To get started, go to the Neo4j Sandbox website (https://sandbox.neo4j.com/?usecase=blank-sandbox) and start a new Blank project. Once the project is started, copy the connection details to the Colab notebook. Now, we're ready to connect to our Neo4j instance and start building our knowledge graph!

In [4]:
from neo4j import GraphDatabase
import pandas as pd

# Connection information for the Neo4j database
host = 'bolt://44.201.239.175:7687'
user = 'neo4j'
password = 'nameplate-certificate-helmsmen'
# Creating a driver to connect to the Neo4j database
driver = GraphDatabase.driver(host,auth=(user, password))

# Function to run a query on the Neo4j database
def neo4j_query(query, params=None):
    with driver.session() as session:
        # Running the query and returning the result
        result = session.run(query, params)
        # Converting the result to a Pandas dataframe for easier manipulation
        return pd.DataFrame([r.values() for r in result], columns=result.keys())

Import the author and the article into the graph. The article node will contain only the title.

In [5]:
author = article_txt.split("\n")[0]
title = " ".join(article_txt.split("\n")[2:4])

neo4j_query("""
MERGE (a:Author{name:$author})
MERGE (b:Article{title:$title})
MERGE (a)-[:WROTE]->(b)
""", {'title':title, 'author':author})

To visualize the author-title relationship in Neo4j, you can run the following Cypher query. This query will return all the nodes labeled as "Author" and "Article" and their relationships of type "WROTE". The result can be visualized as a graph in the Neo4j browser interface.

![alt text](https://github.com/fvfarahani/BioNLP/blob/main/author_title.png?raw=true)

We could define a Cypher query that retrieves all the relationships between "Author" and "Article" nodes. The query is executed using the neo4j_query function, which returns the results in a pandas DataFrame. The results are then printed.

In [6]:
# Define the Cypher query that you want to execute
query = """
MATCH (a:Author)-[:WROTE]->(b:Article)
RETURN a.name AS Author, b.title AS Article
"""

# Execute the query and store the results in a pandas DataFrame
result = neo4j_query(query)

# Print the results
print(result)

                Author                                            Article
0  Mohammadreza Ahmadi  Tissue Engineering and Regeneration of Skin an...

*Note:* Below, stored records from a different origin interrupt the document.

(* Let $C$ be a convex body in the plane accessible only through a separation oracle, and let $P$ be a set of $n$ points in the plane. The classification algorithm for reverse emptiness (described in the context) performs $O\bigl(|F_{\mathrm{in}}|\log n\bigr)$ oracle queries. The algorithm correctly verifies that $P\cap C=P$ or finds a witness point of $P$ outside $C$.
   Context: Separation oracle: given $q\in\mathbb{R}^2$, it either reports $q\in C$ or returns a line separating $q$ from $C$. The inner fence $F_{\mathrm{in}}$ of $P$ is a closed convex polygon with the minimum number of vertices such that $F_{\mathrm{in}}\subseteq C$ and $C\cap P=F_{\mathrm{in}}\cap P$; $|F_{\mathrm{in}}|$ denotes its number of vertices. Algorithm: let $D=\mathrm{CH}(P)$, let $v,v'\in P$ be the leftmost and rightmost vertices of $D$, and $v_1,v_2$ (resp. $v'_1,v'_2$) the vertices of $D$ adjacent to $v$ (resp. $v'$). Query these six points; if any is outside, halt and report it. Otherwise handle the points above the segment $vv'$ as follows (the points below are handled symmetrically). Let $D^+$ be the part of the boundary chain of $D$ above $vv'$ between the vertical lines through $v$ and $v'$, with edges $e_1,\dots,e_k$ in clockwise order from $v$ to $v'$; for $i<j$ let $D[i,j]$ be the chain of edges $e_i,\dots,e_j$. A recursive call $(i,j)$ (starting with $(1,k)$) must verify that the points of $P$ below $D[i,j]$ are in $C$: let $\ell_i,\ell_j$ be the lines through $e_i,e_j$ and $q=\ell_i\cap\ell_j$; query $q$. If $q\in C$, all points of $P$ below $D[i,j]$ are classified inside and the call returns. Otherwise let $m=\lfloor (i+j)/2\rfloor$ and $e_m=(x,y)$; query $x$ and $y$; if either is outside, report it as a witness; otherwise recurse on $(i,m)$ and $(m,j)$. *)

theory Defs
  imports "HOL-Analysis.Analysis"
begin

type_synonym pt = "real \<times> real"

definition cross2 :: "pt \<Rightarrow> pt \<Rightarrow> real" where
  "cross2 a b = fst a * snd b - snd a * fst b"

definition lexless :: "pt \<Rightarrow> pt \<Rightarrow> bool" where
  "lexless a b \<longleftrightarrow> fst a < fst b \<or> (fst a = fst b \<and> snd a < snd b)"

definition hull_vertices :: "pt set \<Rightarrow> pt set" where
  "hull_vertices P = {x. x extreme_point_of (convex hull P)}"

definition leftmost :: "pt set \<Rightarrow> pt" where
  "leftmost P = (THE x. x \<in> hull_vertices P \<and> (\<forall>y\<in>hull_vertices P. y \<noteq> x \<longrightarrow> lexless x y))"

definition rightmost :: "pt set \<Rightarrow> pt" where
  "rightmost P = (THE x. x \<in> hull_vertices P \<and> (\<forall>y\<in>hull_vertices P. y \<noteq> x \<longrightarrow> lexless y x))"

text \<open>The upper chain D+ as its vertex list w_0 = v, ..., w_k = v' in clockwise
  order (= lexicographic order); edge e_i joins w_(i-1) and w_i.\<close>
definition upper_chain :: "pt set \<Rightarrow> pt list" where
  "upper_chain P = (THE w. sorted_wrt lexless w \<and>
     set w = {u \<in> hull_vertices P. u = leftmost P \<or> u = rightmost P \<or>
                 cross2 (rightmost P - leftmost P) (u - leftmost P) > 0})"

definition line_inter :: "pt \<Rightarrow> pt \<Rightarrow> pt \<Rightarrow> pt \<Rightarrow> pt" where
  "line_inter a b c d = a + (cross2 (c - a) (d - c) / cross2 (b - a) (d - c)) *\<^sub>R (b - a)"

text \<open>Returns the list of queried points (in order) and either None (all points
  below D[i,j] classified inside) or Some p (witness outside C).\<close>
function rec_call :: "(pt \<Rightarrow> bool) \<Rightarrow> pt list \<Rightarrow> nat \<Rightarrow> nat \<Rightarrow> pt list \<times> pt option" where
  "rec_call inC w i j =
    (if j \<le> i then ([], None) else
     (let q = line_inter (w ! (i - 1)) (w ! i) (w ! (j - 1)) (w ! j) in
      if inC q then ([q], None) else
      (let m = (i + j) div 2; x = w ! (m - 1); y = w ! m in
       if \<not> inC x then ([q, x], Some x)
       else if \<not> inC y then ([q, x, y], Some y)
       else if j = i + 1 then ([q, x, y], None)
       else (case rec_call inC w i m of
               (t1, Some p) \<Rightarrow> ([q, x, y] @ t1, Some p)
             | (t1, None) \<Rightarrow> (case rec_call inC w m j of
                    (t2, r2) \<Rightarrow> ([q, x, y] @ t1 @ t2, r2))))))"
  by pat_completeness auto
termination
  by (relation "Wellfounded.measure (\<lambda>(_, _, i, j). j - i)") auto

We can import the sentences and mentioned entities by executing the following Cypher query. This query is used to populate the graph database with data about articles and the entities mentioned in their sentences.

In [7]:
neo4j_query("""
MATCH (a:Article)
UNWIND $data as row
MERGE (s:Sentence{id:row.text_sha256})
SET s.text = row.text
MERGE (a)-[:HAS_SENTENCE]->(s)
WITH s, row.entities as entities
UNWIND entities as entity
MERGE (e:Entity{id:entity.entity_id})
ON CREATE SET e.other_ids = entity.other_ids,
              e.name = entity.entity,
              e.type = entity.entity_type
MERGE (s)-[m:MENTIONS]->(e)
ON CREATE SET m.count = 1
ON MATCH SET m.count = m.count + 1
""", {'data': parsed_entities})

We can execute the following Cypher query to inspect the constructed graph:

![alt text](https://github.com/fvfarahani/BioNLP/blob/main/main_graph.png?raw=true)

### 5. Knowledge Graph Applications

#### 5.1. Search Engine

We could use our graph as a search engine. For example, you could use the following Cypher query to find sentences or articles that mention a specific medical entity.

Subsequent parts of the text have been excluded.